» Your instructions
Lines from the beginning of the data through the line containing "by (simp add: coord_def" are to be copied exactly, with no other line included.

» Raw data
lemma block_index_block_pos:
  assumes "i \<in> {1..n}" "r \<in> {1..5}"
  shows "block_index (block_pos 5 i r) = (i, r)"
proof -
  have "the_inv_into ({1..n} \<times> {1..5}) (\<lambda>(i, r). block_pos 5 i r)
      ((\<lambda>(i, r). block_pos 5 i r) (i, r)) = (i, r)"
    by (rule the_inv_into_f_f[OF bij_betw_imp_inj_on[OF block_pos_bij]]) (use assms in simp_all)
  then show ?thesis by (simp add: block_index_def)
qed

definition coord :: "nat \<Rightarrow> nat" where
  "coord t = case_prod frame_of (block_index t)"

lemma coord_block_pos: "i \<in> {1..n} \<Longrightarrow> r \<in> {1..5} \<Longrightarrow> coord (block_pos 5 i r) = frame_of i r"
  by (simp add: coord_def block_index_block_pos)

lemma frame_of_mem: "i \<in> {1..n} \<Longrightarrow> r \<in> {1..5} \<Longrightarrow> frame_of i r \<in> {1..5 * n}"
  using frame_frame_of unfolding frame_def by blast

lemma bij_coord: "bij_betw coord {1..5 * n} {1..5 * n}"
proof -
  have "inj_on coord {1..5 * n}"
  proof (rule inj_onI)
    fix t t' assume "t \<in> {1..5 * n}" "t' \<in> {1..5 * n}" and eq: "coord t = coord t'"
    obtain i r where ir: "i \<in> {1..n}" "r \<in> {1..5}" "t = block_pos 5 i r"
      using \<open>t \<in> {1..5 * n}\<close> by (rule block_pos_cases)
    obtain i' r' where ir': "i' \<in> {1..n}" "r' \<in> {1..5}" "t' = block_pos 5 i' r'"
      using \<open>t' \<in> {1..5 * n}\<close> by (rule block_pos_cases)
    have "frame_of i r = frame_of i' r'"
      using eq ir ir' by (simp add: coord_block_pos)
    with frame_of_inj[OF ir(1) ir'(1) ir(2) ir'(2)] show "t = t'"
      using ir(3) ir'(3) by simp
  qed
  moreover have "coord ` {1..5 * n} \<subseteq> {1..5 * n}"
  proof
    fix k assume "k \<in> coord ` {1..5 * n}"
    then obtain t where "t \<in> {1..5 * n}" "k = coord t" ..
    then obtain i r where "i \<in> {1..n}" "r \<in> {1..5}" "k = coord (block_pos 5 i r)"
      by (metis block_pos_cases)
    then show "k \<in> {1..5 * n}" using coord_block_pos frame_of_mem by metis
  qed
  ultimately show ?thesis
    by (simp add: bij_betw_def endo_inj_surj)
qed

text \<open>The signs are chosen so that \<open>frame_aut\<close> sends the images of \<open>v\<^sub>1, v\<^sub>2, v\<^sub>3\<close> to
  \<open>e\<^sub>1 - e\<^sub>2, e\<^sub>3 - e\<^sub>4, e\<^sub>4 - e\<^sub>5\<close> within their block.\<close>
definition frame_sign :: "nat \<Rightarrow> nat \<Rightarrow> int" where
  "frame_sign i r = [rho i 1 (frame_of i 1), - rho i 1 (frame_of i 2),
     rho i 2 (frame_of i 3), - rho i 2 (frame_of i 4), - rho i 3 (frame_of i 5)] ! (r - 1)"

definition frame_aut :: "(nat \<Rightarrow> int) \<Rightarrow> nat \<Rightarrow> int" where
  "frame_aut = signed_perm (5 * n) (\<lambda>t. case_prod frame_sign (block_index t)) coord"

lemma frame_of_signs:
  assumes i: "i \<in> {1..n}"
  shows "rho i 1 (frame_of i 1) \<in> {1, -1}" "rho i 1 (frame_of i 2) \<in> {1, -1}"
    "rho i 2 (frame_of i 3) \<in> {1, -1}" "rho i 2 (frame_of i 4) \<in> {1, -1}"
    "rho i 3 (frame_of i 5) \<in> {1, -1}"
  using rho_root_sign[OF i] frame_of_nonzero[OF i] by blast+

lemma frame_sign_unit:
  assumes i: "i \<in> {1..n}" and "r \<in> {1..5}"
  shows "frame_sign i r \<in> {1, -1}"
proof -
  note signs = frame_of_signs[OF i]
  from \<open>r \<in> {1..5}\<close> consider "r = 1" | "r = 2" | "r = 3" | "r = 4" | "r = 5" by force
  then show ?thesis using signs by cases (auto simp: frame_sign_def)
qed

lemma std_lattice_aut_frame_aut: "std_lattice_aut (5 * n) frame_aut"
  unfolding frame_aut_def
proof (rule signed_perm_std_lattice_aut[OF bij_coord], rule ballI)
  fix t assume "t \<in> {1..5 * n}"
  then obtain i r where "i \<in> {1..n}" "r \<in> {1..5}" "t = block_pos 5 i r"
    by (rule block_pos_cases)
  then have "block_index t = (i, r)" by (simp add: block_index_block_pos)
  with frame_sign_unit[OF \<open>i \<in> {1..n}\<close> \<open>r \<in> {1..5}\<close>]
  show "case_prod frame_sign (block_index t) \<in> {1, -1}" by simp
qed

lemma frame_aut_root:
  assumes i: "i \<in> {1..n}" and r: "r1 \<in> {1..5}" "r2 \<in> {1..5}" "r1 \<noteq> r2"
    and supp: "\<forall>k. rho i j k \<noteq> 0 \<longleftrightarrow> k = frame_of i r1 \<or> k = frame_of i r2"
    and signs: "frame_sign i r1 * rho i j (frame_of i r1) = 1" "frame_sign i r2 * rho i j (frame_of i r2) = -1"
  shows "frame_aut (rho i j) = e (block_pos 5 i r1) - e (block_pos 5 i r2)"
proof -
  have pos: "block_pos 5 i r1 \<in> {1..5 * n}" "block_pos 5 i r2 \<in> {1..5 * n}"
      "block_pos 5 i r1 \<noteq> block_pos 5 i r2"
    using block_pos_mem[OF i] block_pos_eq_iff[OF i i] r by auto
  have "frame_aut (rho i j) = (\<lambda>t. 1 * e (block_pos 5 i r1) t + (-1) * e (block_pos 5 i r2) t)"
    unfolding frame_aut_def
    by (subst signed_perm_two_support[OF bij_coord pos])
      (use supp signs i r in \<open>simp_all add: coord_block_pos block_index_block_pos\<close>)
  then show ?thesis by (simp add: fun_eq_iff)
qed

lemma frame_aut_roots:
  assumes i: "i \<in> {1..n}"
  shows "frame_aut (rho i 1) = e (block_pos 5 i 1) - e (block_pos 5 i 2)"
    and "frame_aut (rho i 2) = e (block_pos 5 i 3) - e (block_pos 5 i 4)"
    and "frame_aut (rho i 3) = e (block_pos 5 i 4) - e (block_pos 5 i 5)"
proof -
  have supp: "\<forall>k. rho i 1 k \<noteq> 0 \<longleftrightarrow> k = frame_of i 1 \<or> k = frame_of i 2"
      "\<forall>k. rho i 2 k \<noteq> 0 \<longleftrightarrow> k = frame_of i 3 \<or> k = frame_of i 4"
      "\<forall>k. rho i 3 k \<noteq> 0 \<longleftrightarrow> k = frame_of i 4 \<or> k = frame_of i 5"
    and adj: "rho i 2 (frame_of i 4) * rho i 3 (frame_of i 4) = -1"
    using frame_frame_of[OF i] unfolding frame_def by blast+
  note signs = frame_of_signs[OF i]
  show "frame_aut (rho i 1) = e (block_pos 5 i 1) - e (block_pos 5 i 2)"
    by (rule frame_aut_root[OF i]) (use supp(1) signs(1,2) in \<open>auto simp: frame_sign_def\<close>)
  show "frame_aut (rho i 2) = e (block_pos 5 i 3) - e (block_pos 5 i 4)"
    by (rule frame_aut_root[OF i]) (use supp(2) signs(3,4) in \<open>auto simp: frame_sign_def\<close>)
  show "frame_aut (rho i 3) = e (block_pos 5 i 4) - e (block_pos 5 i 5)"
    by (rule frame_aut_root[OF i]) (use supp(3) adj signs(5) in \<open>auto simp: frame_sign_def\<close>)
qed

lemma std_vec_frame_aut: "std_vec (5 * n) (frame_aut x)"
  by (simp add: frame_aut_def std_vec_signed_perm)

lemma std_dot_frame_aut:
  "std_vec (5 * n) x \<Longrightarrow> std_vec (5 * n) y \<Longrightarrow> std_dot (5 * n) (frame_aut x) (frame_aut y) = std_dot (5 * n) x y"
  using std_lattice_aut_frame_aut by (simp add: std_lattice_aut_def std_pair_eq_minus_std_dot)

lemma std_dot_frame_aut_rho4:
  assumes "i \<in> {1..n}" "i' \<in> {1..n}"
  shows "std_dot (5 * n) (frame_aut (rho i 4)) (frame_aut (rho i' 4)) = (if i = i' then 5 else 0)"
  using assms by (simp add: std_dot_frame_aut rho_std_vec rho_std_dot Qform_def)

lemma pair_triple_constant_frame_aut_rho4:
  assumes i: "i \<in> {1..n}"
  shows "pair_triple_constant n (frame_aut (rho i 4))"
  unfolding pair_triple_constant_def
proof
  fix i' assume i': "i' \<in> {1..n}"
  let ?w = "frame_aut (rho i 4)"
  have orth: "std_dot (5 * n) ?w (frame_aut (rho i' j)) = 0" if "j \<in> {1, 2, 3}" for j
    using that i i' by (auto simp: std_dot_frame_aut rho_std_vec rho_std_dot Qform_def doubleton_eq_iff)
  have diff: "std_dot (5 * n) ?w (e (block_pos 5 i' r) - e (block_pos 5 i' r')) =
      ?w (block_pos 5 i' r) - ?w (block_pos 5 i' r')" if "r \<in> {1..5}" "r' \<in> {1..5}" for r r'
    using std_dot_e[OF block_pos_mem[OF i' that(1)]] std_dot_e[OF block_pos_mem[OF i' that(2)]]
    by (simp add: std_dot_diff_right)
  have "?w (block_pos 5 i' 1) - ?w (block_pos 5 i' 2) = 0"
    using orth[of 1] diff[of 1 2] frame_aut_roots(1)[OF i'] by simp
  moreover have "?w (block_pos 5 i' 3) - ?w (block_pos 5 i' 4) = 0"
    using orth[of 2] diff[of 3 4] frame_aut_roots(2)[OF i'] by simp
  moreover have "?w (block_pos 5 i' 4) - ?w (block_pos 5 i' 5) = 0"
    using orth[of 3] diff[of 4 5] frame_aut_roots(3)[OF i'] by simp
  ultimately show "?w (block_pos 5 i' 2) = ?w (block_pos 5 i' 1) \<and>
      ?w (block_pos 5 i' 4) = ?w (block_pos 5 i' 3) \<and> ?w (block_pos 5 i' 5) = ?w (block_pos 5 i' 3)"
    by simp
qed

» Written solution
lemma block_index_block_pos:
  assumes "i \<in> {1..n}" "r \<in> {1..5}"
  shows "block_index (block_pos 5 i r) = (i, r)"
proof -
  have "the_inv_into ({1..n} \<times> {1..5}) (\<lambda>(i, r). block_pos 5 i r)
      ((\<lambda>(i, r). block_pos 5 i r) (i, r)) = (i, r)"
    by (rule the_inv_into_f_f[OF bij_betw_imp_inj_on[OF block_pos_bij]]) (use assms in simp_all)
  then show ?thesis by (simp add: block_index_def)
qed

definition coord :: "nat \<Rightarrow> nat" where
  "coord t = case_prod frame_of (block_index t)"

lemma coord_block_pos: "i \<in> {1..n} \<Longrightarrow> r \<in> {1..5} \<Longrightarrow> coord (block_pos 5 i r) = frame_of i r"
  by (simp add: coord_def block_index_block_pos)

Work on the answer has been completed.